His collaboration with the Swiss furniture manufacturer Dietiker in Stein am Rhein defined the arc of his career. The chair that emerged from this partnership, model 3300, went into serial production in 1971. Its defining feature was a patented screwless metal-to-wood connection: the chair legs join the seat via an aluminium console, originally sand-cast by hand and later produced through gravity die casting. The entire assembly relies on adhesion rather than hardware. Dietiker patented the construction in 1972, making it the company's first patented chair. The Swiss Museum of Design in Zurich later called it the most successful piece of Swiss furniture of all time, with over 1.5 million units sold across five decades.
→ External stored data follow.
(* Let $X$ be a real Hilbert space and $f:X\to\mathbb{R}$ a proper $\Phi_{lsc}$-convex function. If $f$ is locally $C^{1,1}$ around $\bar x\in X$, then there exists $\delta>0$ such that $\partial_{lsc}f(y)\ne\emptyset$ for every $y$ with $\|y-\bar x\|<\delta$.
   Context: $\Phi_{lsc}$ is the class of functions $\varphi(x)=-a\|x\|^2+\langle v,x\rangle+c$ ($a\ge0$, $v\in X^*$, $c\in\mathbb{R}$); $f$ is $\Phi_{lsc}$-convex if it is the pointwise supremum of the $\varphi\in\Phi_{lsc}$ with $\varphi\le f$; proper means at least one such $\varphi$ exists. $f$ is locally $C^{1,1}$ around $\bar x$ if there is a ball $B(\delta,\bar x)=\{y:\|y-\bar x\|<\delta\}$ on which $f$ is Gâteaux differentiable and its Gâteaux derivative is Lipschitz continuous. $\partial_{lsc}f(y)$ is the set of $(a,v)\in\mathbb{R}_+\times X^*$ with $f(x)-f(y)\ge\langle v,x-y\rangle-a\|x\|^2+a\|y\|^2$ for all $x\in X$. *)

theory Defs
  imports "HOL-Analysis.Analysis"
begin

text \<open>Elements of the dual space X^* are represented as bounded linear functionals.\<close>

definition Phi_lsc :: "('a::real_normed_vector \<Rightarrow> real) set" where
  "Phi_lsc = {\<phi>. \<exists>a v c. a \<ge> 0 \<and> bounded_linear v \<and>
                 \<phi> = (\<lambda>x. - a * (norm x)\<^sup>2 + v x + c)}"

definition Phi_lsc_minorants :: "('a::real_normed_vector \<Rightarrow> real) \<Rightarrow> ('a \<Rightarrow> real) set" where
  "Phi_lsc_minorants f = {\<phi> \<in> Phi_lsc. \<forall>x. \<phi> x \<le> f x}"

definition Phi_lsc_convex :: "('a::real_normed_vector \<Rightarrow> real) \<Rightarrow> bool" where
  "Phi_lsc_convex f \<longleftrightarrow> (\<forall>x. f x = (SUP \<phi>\<in>Phi_lsc_minorants f. \<phi> x))"

definition Phi_lsc_proper :: "('a::real_normed_vector \<Rightarrow> real) \<Rightarrow> bool" where
  "Phi_lsc_proper f \<longleftrightarrow> Phi_lsc_minorants f \<noteq> {}"

definition gateaux_deriv :: "('a::real_normed_vector \<Rightarrow> real) \<Rightarrow> 'a \<Rightarrow> ('a \<Rightarrow> real) \<Rightarrow> bool" where
  "gateaux_deriv f y D \<longleftrightarrow> bounded_linear D \<and>
     (\<forall>h. ((\<lambda>t. (f (y + t *\<^sub>R h) - f y) / t) \<longlongrightarrow> D h) (at 0))"

definition locally_C11 :: "('a::real_normed_vector \<Rightarrow> real) \<Rightarrow> 'a \<Rightarrow> bool" where
  "locally_C11 f xbar \<longleftrightarrow> (\<exists>\<delta>>0. \<exists>Df L.
      (\<forall>y. norm (y - xbar) < \<delta> \<longrightarrow> gateaux_deriv f y (Df y)) \<and>
      (\<forall>y z. norm (y - xbar) < \<delta> \<longrightarrow> norm (z - xbar) < \<delta> \<longrightarrow>
          onorm (\<lambda>h. Df y h - Df z h) \<le> L * norm (y - z)))"

definition subdiff_lsc :: "('a::real_normed_vector \<Rightarrow> real) \<Rightarrow> 'a \<Rightarrow> (real \<times> ('a \<Rightarrow> real)) set" where
  "subdiff_lsc f y = {(a, v). a \<ge> 0 \<and> bounded_linear v \<and>
      (\<forall>x. f x - f y \<ge> v (x - y) - a * (norm x)\<^sup>2 + a * (norm y)\<^sup>2)}"

end

theory Submission
  imports Defs
begin

text \<open>Fix \<open>y\<close> near \<open>xbar\<close> with Gateaux derivative \<open>w\<close> there. Near \<open>y\<close>, the mean value theorem
  along segments and the Lipschitz bound on the derivative give
  \<open>f (y + h) \<ge> f y + w h - \<bar>L\<bar> \<parallel>h\<parallel>\<^sup>2\<close>; away from \<open>y\<close>, a single \<open>\<Phi>\<^sub>l\<^sub>s\<^sub>c\<close> minorant, which
  exists by properness, grows at most quadratically downwards, so the same bound holds
  with a larger constant. A global bound \<open>f (y + h) \<ge> f y + w h - a \<parallel>h\<parallel>\<^sup>2\<close> is, in an inner
  product space, exactly the statement \<open>(a, w + 2a\<langle>y,\<cdot>\<rangle>) \<in> \<partial>\<^sub>l\<^sub>s\<^sub>c f y\<close>, because
  \<open>\<parallel>y + h\<parallel>\<^sup>2 = \<parallel>y\<parallel>\<^sup>2 + 2\<langle>y,h\<rangle> + \<parallel>h\<parallel>\<^sup>2\<close>.\<close>

lemma gateaux_deriv_along_line:
  assumes "gateaux_deriv f (y + t *\<^sub>R h) D"
  shows "((\<lambda>s. f (y + s *\<^sub>R h)) has_real_derivative D h) (at t)"
proof -
  have "((\<lambda>s. (f (y + t *\<^sub>R h + s *\<^sub>R h) - f (y + t *\<^sub>R h)) / s) \<longlongrightarrow> D h) (at 0)"
    using assms unfolding gateaux_deriv_def by blast
  moreover have "y + t *\<^sub>R h + s *\<^sub>R h = y + (t + s) *\<^sub>R h" for s
    by (simp add: scaleR_add_left add.assoc)
  ultimately show ?thesis
    unfolding DERIV_def by simp
qed

lemma quadratic_lower_bound_near:
  fixes f :: "'a::real_normed_vector \<Rightarrow> real"
  assumes gd: "\<And>z. norm (z - y) < r \<Longrightarrow> gateaux_deriv f z (Df z)"
    and lip: "\<And>z. norm (z - y) < r \<Longrightarrow> onorm (\<lambda>h. Df z h - Df y h) \<le> L * norm (z - y)"
    and h: "norm h < r"
  shows "f y + Df y h - \<bar>L\<bar> * (norm h)\<^sup>2 \<le> f (y + h)"
proof -
  have on_segment: "norm (y + t *\<^sub>R h - y) < r" if "0 \<le> t" "t \<le> 1" for t
    using h that mult_left_le_one_le[of "norm h" t] by simp
  obtain t where t: "0 < t" "t < 1"
    and mvt: "f (y + h) - f y = Df (y + t *\<^sub>R h) h"
    using MVT2[of 0 1 "\<lambda>s. f (y + s *\<^sub>R h)" "\<lambda>s. Df (y + s *\<^sub>R h) h"]
      gateaux_deriv_along_line[OF gd[OF on_segment]] by auto
  let ?z = "y + t *\<^sub>R h"
  have "bounded_linear (Df ?z)" "bounded_linear (Df y)"
    using gd[OF on_segment[of t]] gd[of y] order_le_less_trans[OF norm_ge_zero h] t
    unfolding gateaux_deriv_def by auto
  then have "bounded_linear (\<lambda>k. Df ?z k - Df y k)"
    by (rule bounded_linear_sub)
  then have "\<bar>Df ?z h - Df y h\<bar> \<le> onorm (\<lambda>k. Df ?z k - Df y k) * norm h"
    using onorm by fastforce
  also have "\<dots> \<le> L * (t * norm h) * norm h"
    using lip[OF on_segment[of t]] t by (intro mult_right_mono) auto
  also have "\<dots> \<le> \<bar>L\<bar> * (t * norm h) * norm h"
    using t by (intro mult_right_mono) auto
  also have "\<dots> \<le> \<bar>L\<bar> * norm h * norm h"
    using t by (intro mult_right_mono mult_left_mono) (auto simp: mult_left_le_one_le)
  finally show ?thesis
    using mvt by (simp add: power2_eq_square mult.assoc)
qed

lemma affine_le_quadratic_beyond:
  fixes B K r n :: real
  assumes "0 \<le> B" "0 \<le> K" "0 < r" "r \<le> n"
  shows "B * n + K \<le> (B / r + K / r\<^sup>2) * n\<^sup>2"
proof -
  have "1 \<le> n / r"
    using assms by simp
  then have "B * n \<le> B * (n / r) * n"
    using assms mult_right_mono[of 1 "n / r" "B * n"] by (simp add: mult_ac)
  moreover have "K \<le> K * (n / r)\<^sup>2"
    using assms by (intro mult_le_cancel_left1[THEN iffD2]) (auto simp: power_mono)
  ultimately show ?thesis
    by (simp add: field_simps power2_eq_square)
qed

lemma quadratic_lower_bound_far:
  fixes f :: "'a::real_normed_vector \<Rightarrow> real"
  assumes "0 \<le> a0" "bounded_linear v0" "bounded_linear w"
    and minor: "\<And>x. - a0 * (norm x)\<^sup>2 + v0 x + c0 \<le> f x" and "0 < r"
  obtains A where "0 \<le> A" "\<And>h. r \<le> norm h \<Longrightarrow> f y + w h - A * (norm h)\<^sup>2 \<le> f (y + h)"
proof
  define B where "B = onorm v0 + onorm w"
  define K where "K = \<bar>f y\<bar> + 2 * a0 * (norm y)\<^sup>2 + onorm v0 * norm y + \<bar>c0\<bar>"
  have "0 \<le> onorm v0" "0 \<le> onorm w"
    using assms onorm_pos_le by auto
  then have BK: "0 \<le> B" "0 \<le> K"
    using assms(1) by (auto simp: B_def K_def)
  show "0 \<le> 2 * a0 + (B / r + K / r\<^sup>2)"
    using BK assms by simp
  fix h :: 'a
  assume far: "r \<le> norm h"
  have "(norm (y + h))\<^sup>2 \<le> (norm y + norm h)\<^sup>2"
    by (simp add: norm_triangle_ineq power_mono)
  also have "\<dots> \<le> 2 * (norm y)\<^sup>2 + 2 * (norm h)\<^sup>2"
    using sum_squares_bound[of "norm y" "norm h"] by (simp add: power2_sum)
  finally have "a0 * (norm (y + h))\<^sup>2 \<le> a0 * (2 * (norm y)\<^sup>2 + 2 * (norm h)\<^sup>2)"
    using assms(1) by (rule mult_left_mono)
  moreover have "\<bar>v0 y\<bar> \<le> onorm v0 * norm y" "\<bar>v0 h\<bar> \<le> onorm v0 * norm h"
      "\<bar>w h\<bar> \<le> onorm w * norm h"
    using onorm[OF assms(2), of y] onorm[OF assms(2), of h] onorm[OF assms(3), of h] by auto
  moreover have "v0 (y + h) = v0 y + v0 h"
    using assms(2) by (simp add: linear_simps)
  moreover have "B * norm h + K \<le> (B / r + K / r\<^sup>2) * (norm h)\<^sup>2"
    using affine_le_quadratic_beyond[OF BK \<open>0 < r\<close> far] .
  moreover have "B * norm h = onorm v0 * norm h + onorm w * norm h"
    by (simp add: B_def distrib_right)
  ultimately show "f y + w h - (2 * a0 + (B / r + K / r\<^sup>2)) * (norm h)\<^sup>2 \<le> f (y + h)"
    using minor[of "y + h"] unfolding K_def distrib_right distrib_left by linarith
qed

lemma quadratic_lower_bound:
  fixes f :: "'a::real_normed_vector \<Rightarrow> real"
  assumes "Phi_lsc_proper f" and "0 < r"
    and gd: "\<And>z. norm (z - y) < r \<Longrightarrow> gateaux_deriv f z (Df z)"
    and lip: "\<And>z. norm (z - y) < r \<Longrightarrow> onorm (\<lambda>h. Df z h - Df y h) \<le> L * norm (z - y)"
  obtains a where "0 \<le> a" "\<And>h. f y + Df y h - a * (norm h)\<^sup>2 \<le> f (y + h)"
proof -
  obtain a0 v0 c0 where minorant: "0 \<le> a0" "bounded_linear v0"
    "\<And>x. - a0 * (norm x)\<^sup>2 + v0 x + c0 \<le> f x"
    using assms(1) unfolding Phi_lsc_proper_def Phi_lsc_minorants_def Phi_lsc_def by auto
  have w: "bounded_linear (Df y)"
    using gd[of y] \<open>0 < r\<close> unfolding gateaux_deriv_def by simp
  obtain A where "0 \<le> A"
    and far: "\<And>h. r \<le> norm h \<Longrightarrow> f y + Df y h - A * (norm h)\<^sup>2 \<le> f (y + h)"
    using quadratic_lower_bound_far[OF minorant(1,2) w minorant(3) \<open>0 < r\<close>, of y] by blast
  have "f y + Df y h - max A \<bar>L\<bar> * (norm h)\<^sup>2 \<le> f (y + h)" for h
  proof (cases "norm h < r")
    case True
    have "\<bar>L\<bar> * (norm h)\<^sup>2 \<le> max A \<bar>L\<bar> * (norm h)\<^sup>2"
      by (intro mult_right_mono) auto
    with quadratic_lower_bound_near[of y r f Df L h, OF gd lip True] show ?thesis
      by linarith
  next
    case False
    have "A * (norm h)\<^sup>2 \<le> max A \<bar>L\<bar> * (norm h)\<^sup>2"
      by (intro mult_right_mono) auto
    with far[of h] False show ?thesis
      by linarith
  qed
  with \<open>0 \<le> A\<close> show ?thesis
    using that[of "max A \<bar>L\<bar>"] by auto
qed

lemma subdiff_lsc_of_quadratic_lower_bound:
  fixes f :: "'a::real_inner \<Rightarrow> real"
  assumes "0 \<le> a" "bounded_linear w"
    and bound: "\<And>h. f y + w h - a * (norm h)\<^sup>2 \<le> f (y + h)"
  shows "(a, \<lambda>x. w x + 2 * a * (y \<bullet> x)) \<in> subdiff_lsc f y"
proof -
  have "bounded_linear (\<lambda>x. w x + 2 * a * (y \<bullet> x))"
    using assms(2) by (intro bounded_linear_add bounded_linear_const_mult bounded_linear_inner_right)
  moreover have "w (x - y) + 2 * a * (y \<bullet> (x - y)) - a * (norm x)\<^sup>2 + a * (norm y)\<^sup>2 \<le> f x - f y"
    for x
  proof -
    have "w (x - y) + 2 * a * (y \<bullet> (x - y)) - a * (norm x)\<^sup>2 + a * (norm y)\<^sup>2
        = w (x - y) - a * (norm (x - y))\<^sup>2"
      by (simp add: power2_norm_eq_inner algebra_simps inner_commute)
    with bound[of "x - y"] show ?thesis
      by simp
  qed
  ultimately show ?thesis
    using assms(1) unfolding subdiff_lsc_def by auto
qed

theorem mainTheorem6:
  fixes f :: "'a::{real_inner, complete_space} \<Rightarrow> real" and xbar :: 'a
  assumes "Phi_lsc_proper f" and "Phi_lsc_convex f" and "locally_C11 f xbar"
  shows "\<exists>\<delta>>0. \<forall>y. norm (y - xbar) < \<delta> \<longrightarrow> subdiff_lsc f y \<noteq> {}"
proof -
  obtain \<delta> Df L where "\<delta> > 0"
    and gd: "\<And>y. norm (y - xbar) < \<delta> \<Longrightarrow> gateaux_deriv f y (Df y)"
    and lip: "\<And>y z. norm (y - xbar) < \<delta> \<Longrightarrow> norm (z - xbar) < \<delta> \<Longrightarrow>
          onorm (\<lambda>h. Df y h - Df z h) \<le> L * norm (y - z)"
    using assms(3) unfolding locally_C11_def by blast
  have "subdiff_lsc f y \<noteq> {}" if y: "norm (y - xbar) < \<delta> / 2" for y
  proof -
    have inside: "norm (z - xbar) < \<delta>" if "norm (z - y) < \<delta> / 2" for z
      using norm_triangle_lt[of "z - y" "y - xbar" \<delta>] that y by simp
    have "\<delta> / 2 > 0"
      using \<open>\<delta> > 0\<close> by simp
    moreover have "onorm (\<lambda>h. Df z h - Df y h) \<le> L * norm (z - y)" if "norm (z - y) < \<delta> / 2" for z
      using lip[OF inside[OF that] inside] \<open>\<delta> / 2 > 0\<close> by simp
    ultimately obtain a where "0 \<le> a" and "\<And>h. f y + Df y h - a * (norm h)\<^sup>2 \<le> f (y + h)"
      using quadratic_lower_bound[OF assms(1), of "\<delta> / 2" y Df L] gd inside by blast
    moreover have "bounded_linear (Df y)"
      using gd[OF inside[of y]] \<open>\<delta> > 0\<close> unfolding gateaux_deriv_def by simp
    ultimately show ?thesis
      using subdiff_lsc_of_quadratic_lower_bound[of a "Df y" f y] by blast
  qed
  then show ?thesis
    using \<open>\<delta> > 0\<close> half_gt_zero by blast
qed

end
Parallel to his work with Dietiker, Rey designed chairs for the German manufacturer Kusch+Co between 1970 and 1979, including a range of stackable dining and armchairs in leather and beech. Together with designer Charles Polin, he developed additional pieces for Hiller Objektmobel and Plank GmbH, among others. He also worked outside furniture: Rey designed the control room interior for the Muhleberg Nuclear Power Plant in Canton Berne, and created outdoor planter systems in fibre cement for Eternit AG.
The Rey Chair's second life came in 2022, when HAY partnered with Dietiker to reissue the full collection in expanded dimensions and a range of new colours. The collaboration introduced the chair to a generation unfamiliar with its origins, while the original production method was preserved without alteration. Rey died in 2019, three years before the relaunch.
On the Nordic auction market, Bruno Rey's work appears almost entirely through Stockholms Auktionsverk's German branches in Dusseldorf/Neuss and Cologne, which together account for the large majority of his 32 indexed lots on Auctionist. Sets of Rey Chair 33 in stained beech dominate the listings, alongside occasional Kusch+Co dining tables from the 1970s. Top recorded prices for sets of three to four chairs have reached around 10,000-12,000 SEK, placing this work squarely in the accessible mid-century design bracket rather than the collectibles market.